EU can’t work like this, German official says after Hungary blocks China statement

Miguel Berger [@MiguelBergerAA Twitter]

Hungary’s decision to block a European Union statement criticising China’s Hong Kong policy was condemned on Friday (4 June) by a senior Germany official, who said the EU’s common foreign and security policy was being undermined by a failure of unanimity.

“Hungary again blocked an EU statement on Hong Kong. Three weeks ago it was on Middle East. Common foreign and security policy cannot work on the basis of a blocking policy,” German Foreign Office State Secretary Miguel Berger wrote on Twitter.

“We need a serious debate on ways to manage dissent, including qualified majority voting.”

Hungary blocked an EU statement in April criticising China’s new security law in Hong Kong, undermining the bloc’s efforts to confront Beijing’s curbing of freedoms in the former British colony.

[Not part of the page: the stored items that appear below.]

lemma coeffs_zero_if_comb_at_zero_first:
  assumes "n \<ge> 5" "\<And>g. comb_at c id (Uset n) g = 0" "u \<in> Uset n"
  shows "c u = 0"
proof (rule coeffs_zero_if_comb_at_zero[OF assms(1) _ _ assms(2,3)])
  show "id (uvec n (A, K, L)) (2*i - 1) = of_bool (i \<in> A)" if "(A, K, L) \<in> params n" "i \<in> {1..n}" for A K L i
    using uvec_first_block params_props(3)[OF assms(1) that(1)] that(2) by simp
  show "id (uvec n (A, K, L)) (2*n + 2*k - 1) = L * of_bool (k \<in> K)" if "(A, K, L) \<in> params n" "k \<in> {1..n}" for A K L k
    using uvec_second_block params_props(4)[OF assms(1) that(1)] that(2) by simp
qed

lemma coeffs_zero_if_comb_at_zero_second:
  assumes "n \<ge> 5" "\<And>g. comb_at c (piv n) (Uset n) g = 0" "u \<in> Uset n"
  shows "c u = 0"
proof (rule coeffs_zero_if_comb_at_zero[OF assms(1) _ _ assms(2,3)])
  show "piv n (uvec n (A, K, L)) (2*n + 2*i - 1) = of_bool (i \<in> A)" if "(A, K, L) \<in> params n" "i \<in> {1..n}" for A K L i
    using uvec_first_block[OF params_props(3)[OF assms(1) that(1)] that(2)] piv_second_block[OF that(2)]
    by simp
  show "piv n (uvec n (A, K, L)) (2*k - 1) = L * of_bool (k \<in> K)" if "(A, K, L) \<in> params n" "k \<in> {1..n}" for A K L k
    using uvec_second_block[OF params_props(4)[OF assms(1) that(1)] that(2)] piv_first_block[OF that(2)]
    by simp
qed

section \<open>Separation of the two halves\<close>

lemma Uset_pairs:
  assumes "u \<in> Uset n" "odd j" "j < 4*n"
  shows "u j = u (Suc j)"
proof -
  obtain A K L where t: "(A, K, L) \<in> params n" and u: "u = uvec n (A, K, L)"
    using assms(1) by (rule UsetE)
  have "finite A" "finite K"
    using t by (auto simp: params_def intro: finite_subset)
  then show ?thesis
    using uvec_pairs assms(2,3) unfolding u by blast
qed

lemma Uset_outside: "u \<in> Uset n \<Longrightarrow> j = 0 \<or> 4*n < j \<Longrightarrow> u j = 0"
  using Uset_subset_params uvec_outside by blast

lemma eq_start_if_steps:
  assumes steps: "\<And>j. a \<le> j \<Longrightarrow> j < b \<Longrightarrow> F j = F (Suc j)" and "a \<le> j" "j \<le> b"
  shows "F j = F a"
  using assms(2,3)
proof (induction j rule: dec_induct)
  case base
  then show ?case
    by simp
next
  case (step j)
  then show ?case
    using steps[of j] by simp
qed

text \<open>Odd steps leave the first half invariant directly; even steps leave the second half invariant,
  hence also the first, which is its negative.\<close>

lemma comb_at_step:
  assumes sum_zero: "\<And>g. comb_at c1 id (Uset n) g + comb_at c2 (piv n) (Uset n) g = 0"
    and j: "1 \<le> j" "Suc j \<le> 4*n" "j \<noteq> 2*n"
  shows "comb_at c1 id (Uset n) (g(m := j)) = comb_at c1 id (Uset n) (g(m := Suc j))"
proof (cases "odd j")
  case True
  then show ?thesis
    using Uset_pairs j by (intro comb_at_upd_cong) auto
next
  case False
  then have "2 \<le> j"
    using j(1) by presburger
  then have "comb_at c2 (piv n) (Uset n) (g(m := j)) = comb_at c2 (piv n) (Uset n) (g(m := Suc j))"
    using False j by (intro comb_at_upd_cong piv_pairs[OF Uset_pairs]) auto
  then show ?thesis
    using sum_zero[of "g(m := j)"] sum_zero[of "g(m := Suc j)"] by linarith
qed

lemma comb_at_same_side:
  assumes sum_zero: "\<And>g. comb_at c1 id (Uset n) g + comb_at c2 (piv n) (Uset n) g = 0"
    and j: "j \<in> {1..4*n}" "j' \<in> {1..4*n}" "j \<le> 2*n \<longleftrightarrow> j' \<le> 2*n"
  shows "comb_at c1 id (Uset n) (g(m := j)) = comb_at c1 id (Uset n) (g(m := j'))"
proof -
  let ?F = "\<lambda>j. comb_at c1 id (Uset n) (g(m := j))"
  have first_half: "?F j = ?F 1" if "j \<in> {1..2*n}" for j
    by (rule eq_start_if_steps[where F = ?F and b = "2*n"]) (use comb_at_step[OF sum_zero] that in auto)
  have second_half: "?F j = ?F (2*n + 1)" if "j \<in> {2*n + 1..4*n}" for j
    by (rule eq_start_if_steps[where F = ?F and b = "4*n"]) (use comb_at_step[OF sum_zero] that in auto)
  show ?thesis
  proof (cases "j \<le> 2*n")
    case True
    then show ?thesis
      using first_half[of j] first_half[of j'] j by simp
  next
    case False
    then show ?thesis
      using second_half[of j] second_half[of j'] j by simp
  qed
qed
definition logZ :: "src \<Rightarrow> complex fps" where
  "logZ J = fps_const (W J - W (\<lambda>_ _. 0)) + (fps_ln 1 oo logZ_arg J)"

lemma Zfps_nth_0: "Z J $ 0 = exp (W J)"
  by (simp add: Zfps_nth Zfree_def)

lemma smooth_fps_Zfps: "smooth_fps Z"
  unfolding smooth_fps_def by (simp add: smooth_Zfps_nth)

lemma logZ_arg_nth_0: "logZ_arg J $ 0 = 0"
  by (simp add: logZ_arg_def Zfps_nth_0 exp_diff field_simps)

lemma smooth_fps_logZ_arg: "smooth_fps logZ_arg"
  unfolding logZ_arg_def[abs_def]
  by (intro smooth_fps_diff smooth_fps_mult smooth_fps_Zfps smooth_fps_const smooth_fps_fps_const
      smooth_exp smooth_diff smooth_const smooth_Wfree)

lemma smooth_fps_logZ: "smooth_fps logZ"
  unfolding logZ_def[abs_def]
  by (intro smooth_fps_add smooth_fps_ln_compose smooth_fps_logZ_arg logZ_arg_nth_0
      smooth_fps_fps_const smooth_diff smooth_Wfree smooth_const)

lemma smooth_logZ_nth: "smooth (\<lambda>J. logZ J $ k)"
  using smooth_fps_logZ by (rule smooth_fpsD)

lemma pd_fps_logZ_arg: "pd_fps m n logZ_arg J
    = (pd_fps m n Z J - Z J * fps_const (pd m n W J))
      * inverse (Z (\<lambda>_ _. 0)) * fps_const (exp (W (\<lambda>_ _. 0) - W J))"
proof -
  let ?c = "\<lambda>J. exp (W (\<lambda>_ _. 0) - W J)"
  define C P where "C = fps_const (?c J)" and "P = fps_const (pd m n W J)"
  have smooth_c: "smooth ?c"
    by (intro smooth_exp smooth_diff smooth_const smooth_Wfree)
  have "pd m n ?c J = - (pd m n W J * ?c J)"
    by (simp add: pd_exp pd_diff smooth_diff smooth_const smooth_Wfree)
  then have pd_c: "fps_const (pd m n ?c J) = - (P * C)"
    by (simp add: P_def C_def)
  have smooth_quot: "smooth_fps (\<lambda>J. Z J * inverse (Z (\<lambda>_ _. 0)))"
    by (intro smooth_fps_mult smooth_fps_Zfps smooth_fps_const)
  have "pd_fps m n logZ_arg J = pd_fps m n (\<lambda>J. Z J * inverse (Z (\<lambda>_ _. 0))) J * C
      + Z J * inverse (Z (\<lambda>_ _. 0)) * fps_const (pd m n ?c J)"
    unfolding logZ_arg_def[abs_def] C_def
    by (simp add: pd_fps_diff pd_fps_mult pd_fps_const pd_fps_fps_const smooth_c smooth_quot
        smooth_fps_mult smooth_fps_fps_const smooth_fps_const)
  also have "\<dots> = (pd_fps m n Z J - Z J * P) * inverse (Z (\<lambda>_ _. 0)) * C"
    unfolding pd_c
    by (simp add: pd_fps_mult pd_fps_const smooth_fps_Zfps smooth_fps_const algebra_simps)
  finally show ?thesis
    unfolding C_def P_def .
qed

lemma pd_fps_logZ: "pd_fps m n logZ J = pd_fps m n Z J * inverse (Z J)"
proof -
  define c where "c = exp (W (\<lambda>_ _. 0) - W J)"
  define C Ci P i0 iZ where "C = fps_const c" and "Ci = fps_const (inverse c)"
    and "P = fps_const (pd m n W J)" and "i0 = inverse (Z (\<lambda>_ _. 0))" and "iZ = inverse (Z J)"
  have Z_unit: "Z J' $ 0 \<noteq> 0" for J'
    by (simp add: Zfps_nth_0)
  have "1 + logZ_arg J = Z J * i0 * C"
    by (simp add: logZ_arg_def c_def i0_def C_def)
  then have inverse_arg: "inverse (1 + logZ_arg J) = iZ * Z (\<lambda>_ _. 0) * Ci"
    using Z_unit by (simp add: iZ_def i0_def Ci_def C_def fps_inverse_mult fps_const_inverse)
  have units: "i0 * Z (\<lambda>_ _. 0) = 1" "Z J * iZ = 1" "C * Ci = 1"
    using Z_unit
    by (simp_all add: i0_def iZ_def C_def Ci_def c_def inverse_mult_eq_1 inverse_mult_eq_1')
  have "pd_fps m n logZ J = P + pd_fps m n logZ_arg J * inverse (1 + logZ_arg J)"
    unfolding logZ_def[abs_def] P_def
    by (simp add: pd_fps_add pd_fps_fps_const pd_fps_ln_compose pd_diff smooth_fps_fps_const
        smooth_fps_ln_compose smooth_fps_logZ_arg logZ_arg_nth_0 smooth_diff smooth_Wfree smooth_const)
  also have "\<dots> = P + (pd_fps m n Z J - Z J * P) * iZ * (i0 * Z (\<lambda>_ _. 0)) * (C * Ci)"
    unfolding pd_fps_logZ_arg inverse_arg by (simp add: c_def C_def P_def i0_def mult_ac)
  also have "\<dots> = pd_fps m n Z J * iZ + P * (1 - Z J * iZ)"
    unfolding units(1,3) by (simp add: algebra_simps)
  finally show ?thesis
    using units(2) by (simp add: iZ_def)
qed
lemma polyfun_affine_fun: "affine_fun f \<Longrightarrow> f \<in> polyfun"
  using affine_fun_iff_aff polyfun_aff by metis

lemma is_affine_hyperplane_aff: "a \<noteq> 0 \<Longrightarrow> is_affine_hyperplane {x. aff a c x = 0}"
  unfolding is_affine_hyperplane_def aff_def lf_def eq_neg_iff_add_eq_0 [symmetric] by blast

lemma nonzero_component: "(a :: 'a::zero^'n) \<noteq> 0 \<Longrightarrow> \<exists>k. a$k \<noteq> 0"
  by (metis vec_eq_iff zero_index)

lemma aff_nonzero_somewhere: "a \<noteq> 0 \<Longrightarrow> \<exists>x. aff a c x \<noteq> 0"
proof -
  assume "a \<noteq> 0"
  then obtain k where "a$k \<noteq> 0" using nonzero_component by blast
  then have "aff a c (((1 - c) / a$k) *s axis k 1) = 1" by (simp add: aff_def lf_scale lf_axis)
  then show ?thesis by (metis one_neq_zero)
qed

lemma aff_proportional:
  assumes a: "a \<noteq> 0" and zeros: "\<And>x. aff a c x = 0 \<Longrightarrow> aff e d x = 0"
  shows "\<exists>\<mu>. \<forall>x. aff e d x = \<mu> * aff a c x"
proof -
  obtain k where ak: "a$k \<noteq> 0" using a nonzero_component by blast
  define \<mu> where "\<mu> = e$k / a$k"
  define x0 :: "complex^_" where "x0 = (- c / a$k) *s axis k 1"
  have ax0: "aff a c x0 = 0" using ak by (simp add: x0_def aff_def lf_uminus lf_scale lf_axis)
  have "e$j = \<mu> * a$j" for j
  proof -
    define v :: "complex^_" where "v = axis j 1 - (a$j / a$k) *s axis k 1"
    have "aff a c (x0 + v) = 0" using ak ax0 by (simp add: v_def aff_def lf_add lf_diff lf_scale lf_axis)
    then have "aff e d (x0 + v) - aff e d x0 = 0" using zeros ax0 by simp
    then have "lf e v = 0" by (simp add: aff_def lf_add)
    then show ?thesis using ak by (simp add: v_def lf_diff lf_scale lf_axis \<mu>_def field_simps)
  qed
  then have e: "e = \<mu> *s a" by (simp add: vec_eq_iff)
  have "d = \<mu> * c"
    using zeros[OF ax0] ax0 by (simp add: e aff_def lf_scale_left eq_neg_iff_add_eq_0 [symmetric])
  then show ?thesis by (intro exI[of _ \<mu>]) (simp add: e aff_def lf_scale_left algebra_simps)
qed
lemma pair_matching_of_large_good_matching:
  assumes F: "good_matching F" "finite F" and "(4 * uniform_bound + 1) * k \<le> card F"
  shows "\<exists>h k'. k \<le> k' \<and> pair_matching (\<delta>^2/4) V1 V2 E h k'"
proof -
  define R where "R p p' \<longleftrightarrow> fst p' \<in> bad_set p \<or> snd p' \<in> bad_set p" for p p'
  have "inj_on fst F" "inj_on snd F"
    using F(1) unfolding good_matching_def inj_on_def by blast+
  have out_degree: "card {p'\<in>F. R p p'} \<le> 2 * uniform_bound" if "p \<in> F" for p
  proof -
    have "finite (bad_set p)" using finite_V1 by (simp add: bad_set_def)
    have "card {p'\<in>F. R p p'} \<le> card {p'\<in>F. fst p' \<in> bad_set p} + card {p'\<in>F. snd p' \<in> bad_set p}"
      unfolding R_def Collect_disj_eq conj_disj_distribL by (rule card_Un_le)
    moreover have "card {p'\<in>F. fst p' \<in> bad_set p} \<le> card (bad_set p)"
      by (rule card_inj_on_le[OF inj_on_subset[OF \<open>inj_on fst F\<close>]])
        (use \<open>finite (bad_set p)\<close> in auto)
    moreover have "card {p'\<in>F. snd p' \<in> bad_set p} \<le> card (bad_set p)"
      by (rule card_inj_on_le[OF inj_on_subset[OF \<open>inj_on snd F\<close>]])
        (use \<open>finite (bad_set p)\<close> in auto)
    moreover have "card (bad_set p) \<le> uniform_bound"
      using F(1) that card_bad_set_le by (simp add: good_matching_def)
    ultimately show ?thesis by linarith
  qed
  obtain I where I: "I \<subseteq> F" "card F \<le> card I * (2 * (2 * uniform_bound) + 1)"
    and independent: "\<forall>p\<in>I. \<forall>p'\<in>I. p \<noteq> p' \<longrightarrow> \<not> R p p'"
    using large_independent_subset[of F R "2 * uniform_bound", OF F(2) out_degree] by blast
  have "\<exists>h. pair_matching (\<delta>^2/4) V1 V2 E h (card I)"
  proof (rule pair_matching_of_independent)
    show "good_matching I" using good_matching_mono[OF F(1) I(1)] .
    show "finite I" using finite_subset[OF I(1) F(2)] .
    show "fst p' \<notin> bad_set p \<and> snd p' \<notin> bad_set p" if "p \<in> I" "p' \<in> I" "p \<noteq> p'" for p p'
      using independent that by (simp add: R_def)
  qed
  then obtain h where "pair_matching (\<delta>^2/4) V1 V2 E h (card I)" ..
  moreover have "k \<le> card I"
  proof (rule mult_right_le_imp_le)
    show "k * (4 * uniform_bound + 1) \<le> card I * (4 * uniform_bound + 1)"
      using assms(3) I(2) by (simp add: mult.commute)
    show "0 < 4 * uniform_bound + 1" using uniform_bound_nonneg by simp
  qed
  ultimately show ?thesis by blast
qed

lemma pair_matching_exists:
  assumes "4 \<le> card V2" "card V2 \<le> 2 * card V1" "12 * uniform_bound + 2 \<le> sqrt (card V1)"
  shows "\<exists>h k. sqrt (card V1) \<le> k \<and> pair_matching (\<delta>^2/4) V1 V2 E h k"
proof -
  obtain F where F: "good_matching F" "finite F"
    and maximum: "\<And>F'. good_matching F' \<Longrightarrow> card F' \<le> card F"
    using exists_maximum_good_matching by blast
  show ?thesis
  proof (cases "(4 * uniform_bound + 1) * sqrt (card V1) \<le> card F")
    case True
    then show ?thesis by (rule pair_matching_of_large_good_matching[OF F])
  next
    case False
    define R where "R = V1 - (fst ` F \<union> snd ` F)"
    have "card R \<le> (2 * sqrt (card V2) + 1) * uniform_bound"
      using uncovered_vertices_close[OF F maximum] assms(1)
      by (intro card_le_if_degree_close_imp_close) (auto simp: R_def)
    also have "\<dots> \<le> 4 * sqrt (card V1) * uniform_bound"
    proof -
      have "sqrt (card V2) \<le> sqrt 2 * sqrt (card V1)"
        using assms(2) by (simp flip: real_sqrt_mult)
      also have "\<dots> \<le> 3/2 * sqrt (card V1)"
        by (intro mult_right_mono real_le_lsqrt) (auto simp: power2_eq_square)
      finally have "2 * sqrt (card V2) + 1 \<le> 4 * sqrt (card V1)"
        using assms(3) uniform_bound_nonneg by linarith
      then show ?thesis using uniform_bound_nonneg by (intro mult_right_mono) auto
    qed
    finally have R_small: "card R \<le> 4 * sqrt (card V1) * uniform_bound" .
    have "V1 \<subseteq> R \<union> fst ` F \<union> snd ` F" by (auto simp: R_def)
    then have "card V1 \<le> card (R \<union> fst ` F \<union> snd ` F)"
      using finite_V1 F(2) by (intro card_mono) (auto simp: R_def)
    also have "\<dots> \<le> card (R \<union> fst ` F) + card (snd ` F)"
      by (rule card_Un_le)
    also have "\<dots> \<le> card R + card (fst ` F) + card (snd ` F)"
      using card_Un_le[of R "fst ` F"] by simp
    also have "\<dots> \<le> card R + card F + card F"
      using card_image_le[OF F(2), of fst] card_image_le[OF F(2), of snd] by simp
    finally have "card V1 \<le> card R + 2 * card F" by simp
    then have "card V1 < sqrt (card V1) * (12 * uniform_bound + 2)"
      using R_small False by (simp add: algebra_simps)
    also have "\<dots> \<le> sqrt (card V1) * sqrt (card V1)"
      using assms(3) by (intro mult_left_mono) auto
    finally show ?thesis by simp
  qed
qed
(* Unit effects span an infinite-dimensional space, so they are removed first: the time-demeaned
   outcome is projected on the time-demeaned regressors, and the time mean of the resulting
   residual becomes the unit effect. *)
lemma exists_orth_resid:
  assumes E: "finite E" and X: "panel_L2 X"
  obtains a d h b where "unit_effect M a" and "orth_design E (\<lambda>t w. X t w - fit E a d h b t w)"
proof -
  let ?R = "regressors E"
  have "\<exists>\<theta>. \<forall>j\<in>?R.
      pinner (\<lambda>t w. demean X t w - (\<Sum>i\<in>?R. \<theta> i * demean (regressor_var i) t w)) (demean (regressor_var j)) = 0"
    by (rule exists_orth_proj[OF finite_regressors[OF E]]) (simp_all add: panel_L2_demean panel_L2_regressor X)
  then obtain \<theta> where \<theta>: "\<forall>j\<in>?R.
      pinner (\<lambda>t w. demean X t w - (\<Sum>i\<in>?R. \<theta> i * demean (regressor_var i) t w)) (demean (regressor_var j)) = 0"
    by blast
  define Y where "Y = (\<lambda>t w. X t w - (\<Sum>i\<in>?R. \<theta> i * regressor_var i t w))"
  have Y: "panel_L2 Y"
    unfolding Y_def using X E
    by (intro panel_L2_diff panel_L2_sum panel_L2_scale panel_L2_regressor finite_regressors)
  have demean_Y: "demean Y = (\<lambda>t w. demean X t w - (\<Sum>i\<in>?R. \<theta> i * demean (regressor_var i) t w))"
    by (simp add: Y_def fun_eq_iff demean_lincomb)
  have orth_Y: "orth_design E (demean Y)"
    using \<theta> by (intro orth_design_demean_of_regressors[OF E Y]) (simp add: demean_Y)
  define d where "d = (\<lambda>s \<tau>. \<theta> (Group_Time s \<tau>))"
  define h where "h = (\<lambda>q \<tau>. \<theta> (Elig_Time q \<tau>))"
  define b where "b = (\<lambda>e. \<theta> (Event_Time e))"
  have "demean Y t w = X t w - fit E (time_mean Y) d h b t w"
    if "t \<in> {1..T}" "w \<in> space M" for t w
    using regressor_sum_eq_fit[OF E that(2,1), of \<theta>] by (simp add: demean_def Y_def fit_def d_def h_def b_def)
  then have "orth_design E (demean Y) \<longleftrightarrow> orth_design E (\<lambda>t w. X t w - fit E (time_mean Y) d h b t w)"
    by (rule orth_design_cong)
  with orth_Y have "orth_design E (\<lambda>t w. X t w - fit E (time_mean Y) d h b t w)"
    by blast
  with that unit_effect_time_mean[OF Y] show thesis .
qed

section \<open>Identification of the event-time coefficients\<close>

lemma fit_lincomb:
  "fit E (\<lambda>w. \<Sum>p\<in>I. C p * A p w) (\<lambda>s t. \<Sum>p\<in>I. C p * D p s t) (\<lambda>q t. \<Sum>p\<in>I. C p * H p q t)
      (\<lambda>e. \<Sum>p\<in>I. C p * B p e) t w
    = (\<Sum>p\<in>I. C p * fit E (A p) (D p) (H p) (B p) t w)"
proof -
  have "(\<Sum>e\<in>E. (\<Sum>p\<in>I. C p * B p e) * Rev S Q e t w) = (\<Sum>p\<in>I. \<Sum>e\<in>E. C p * (B p e * Rev S Q e t w))"
    by (simp add: sum_distrib_right mult.assoc sum.swap[of _ E])
  then show ?thesis
    by (simp add: fit_def sum.distrib distrib_left sum_distrib_left)
qed
(* Let $c\ge 1$ be an integer. The $c$-indistinguishable finite bias distributions are in one-to-one correspondence with the symmetric quadrature systems of degree $c-1$, via the following mutually inverse maps. (i) For a symmetric quadrature system $\mathcal{Q}=(X,\omega)$ of degree $c-1$, let $\mathcal{P}(\mathcal{Q})$ be the distribution that takes the value $\frac{1+\xi}{2}$ with probability $\frac{\omega(\xi)}{C\sqrt{1-\xi^2}}$ for each $\xi\in X$, where $C=\sum_{\xi\in X}\omega(\xi)/\sqrt{1-\xi^2}$. (ii) For a $c$-indistinguishable finite bias distribution $\mathcal{P}$ taking the values $p_1,\dots,p_k$ with probabilities $q_1,\dots,q_k$ respectively, let $\mathcal{Q}(\mathcal{P})=(\{\xi_1,\dots,\xi_k\},\omega)$ with $\xi_i=2p_i-1$ and $\omega(\xi_i)=\sqrt{p_i(1-p_i)}\,q_i/C'$, where $C'=\sum_{i=1}^k\sqrt{p_i(1-p_i)}\,q_i/2$. Then $\mathcal{P}(\mathcal{Q})$ is a $c$-indistinguishable finite bias distribution, $\mathcal{Q}(\mathcal{P})$ is a symmetric quadrature system of degree $c-1$, $\mathcal{Q}(\mathcal{P}(\mathcal{Q}))=\mathcal{Q}$ and $\mathcal{P}(\mathcal{Q}(\mathcal{P}))=\mathcal{P}$.
   Context: A finite bias distribution is a probability distribution $\mathcal{P}$ supported on a finite subset of the open interval $(0,1)$ that is symmetric: for every $a$, $\mathcal{P}$ outputs $a$ and $1-a$ with the same probability. $E_p$ denotes expectation over $p$ drawn from $\mathcal{P}$. For $0<p<1$ put $\sigma(p)=\sqrt{(1-p)/p}$, and for integers $\ell\ge 1$, $0\le x\le\ell$ put $f_{\ell,x}(p)=p^x(1-p)^{\ell-x}\bigl(x\sigma(p)-(\ell-x)\sigma(1-p)\bigr)$ and $R_{\ell,x}=\max\{0,E_p[f_{\ell,x}(p)]\}$. For a positive integer $c$, $\mathcal{P}$ is called $c$-indistinguishable if $\sum_{x=1}^{\ell-1}\binom{\ell}{x}R_{\ell,x}=0$ for all $2\le\ell\le c$. A quadrature system (QS) of degree $d$ is a pair $(X,\omega)$ where $X$ is a finite subset of $(-1,1)$ and $\omega:X\to(0,\infty)$, such that $\int_{-1}^1F(t)\,dt=\sum_{\xi\in X}\omega(\xi)F(\xi)$ for every real polynomial $F$ of degree at most $d$. Its order is $|X|$. It is symmetric if $-X=X$ and $\omega(-\xi)=\omega(\xi)$ for all $\xi\in X$. *)

theory Defs
  imports "HOL-Analysis.Analysis" "HOL-Probability.Probability_Mass_Function"
    "HOL-Computational_Algebra.Polynomial"
begin

definition finite_bias_dist :: "real pmf \<Rightarrow> bool" where
  "finite_bias_dist P \<longleftrightarrow> finite (set_pmf P) \<and> set_pmf P \<subseteq> {0<..<1} \<and>
     (\<forall>a. pmf P a = pmf P (1 - a))"

definition sigma :: "real \<Rightarrow> real" where
  "sigma p = sqrt ((1 - p) / p)"

definition f_bias :: "nat \<Rightarrow> nat \<Rightarrow> real \<Rightarrow> real" where
  "f_bias l x p = p ^ x * (1 - p) ^ (l - x) *
      (real x * sigma p - real (l - x) * sigma (1 - p))"

definition R_bias :: "real pmf \<Rightarrow> nat \<Rightarrow> nat \<Rightarrow> real" where
  "R_bias P l x = max 0 (measure_pmf.expectation P (f_bias l x))"

definition c_indist :: "nat \<Rightarrow> real pmf \<Rightarrow> bool" where
  "c_indist c P \<longleftrightarrow> (\<forall>l. 2 \<le> l \<and> l \<le> c \<longrightarrow>
      (\<Sum>x = 1..l - 1. real (l choose x) * R_bias P l x) = 0)"

text \<open>Quadrature systems: a node set X and a weight function \<omega> (only its values on X matter).\<close>

definition quad_system :: "nat \<Rightarrow> real set \<Rightarrow> (real \<Rightarrow> real) \<Rightarrow> bool" where
  "quad_system d X \<omega> \<longleftrightarrow> finite X \<and> X \<subseteq> {-1<..<1} \<and> (\<forall>\<xi>\<in>X. \<omega> \<xi> > 0) \<and>
     (\<forall>F :: real poly. degree F \<le> d \<longrightarrow>
        integral {-1..1} (poly F) = (\<Sum>\<xi>\<in>X. \<omega> \<xi> * poly F \<xi>))"

definition symmetric_qs :: "real set \<Rightarrow> (real \<Rightarrow> real) \<Rightarrow> bool" where
  "symmetric_qs X \<omega> \<longleftrightarrow> uminus ` X = X \<and> (\<forall>\<xi>\<in>X. \<omega> (- \<xi>) = \<omega> \<xi>)"

definition P_of_Q :: "real set \<Rightarrow> (real \<Rightarrow> real) \<Rightarrow> real pmf" where
  "P_of_Q X \<omega> = (let C = (\<Sum>\<xi>\<in>X. \<omega> \<xi> / sqrt (1 - \<xi>^2)) in
     embed_pmf (\<lambda>a. if 2 * a - 1 \<in> X
        then \<omega> (2 * a - 1) / (C * sqrt (1 - (2 * a - 1)^2)) else 0))"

Last month, Budapest refused to ratify a new EU trade and development accord with African, Caribbean and Pacific countries, as well as declining to support an EU call for a ceasefire in violence between Israel and the Palestinians.

Diplomat: EU could seek to bypass Hungary after series of vetoes

The EU could begin issuing statements on behalf of 26 members rather than all 27 following a series of vetoes by Hungary on a range of issues, an EU diplomat told journalists on Friday (21 May).

As part of Prime Minister Viktor Orbán’s quest to promote what he describes as traditional Christian family values, Budapest has also pushed against any use of the phrase “gender equality” in EU statements.

The European Commission on Friday declined to comment on the latest veto.

Frustration that one member state is able to block joint EU positions on international issues has long been present, but previous attempts to replace requirements for unanimous decisions with a simple majority have failed.

Still, for as long as EU countries hope to be able to agree a joint position behind closed doors, they usually tend to shy away from naming and shaming their peers in public.

The comments from Berlin indicate growing frustration with Budapest, which is increasingly emboldened to clash with the bloc on key principles of liberal Western democracies.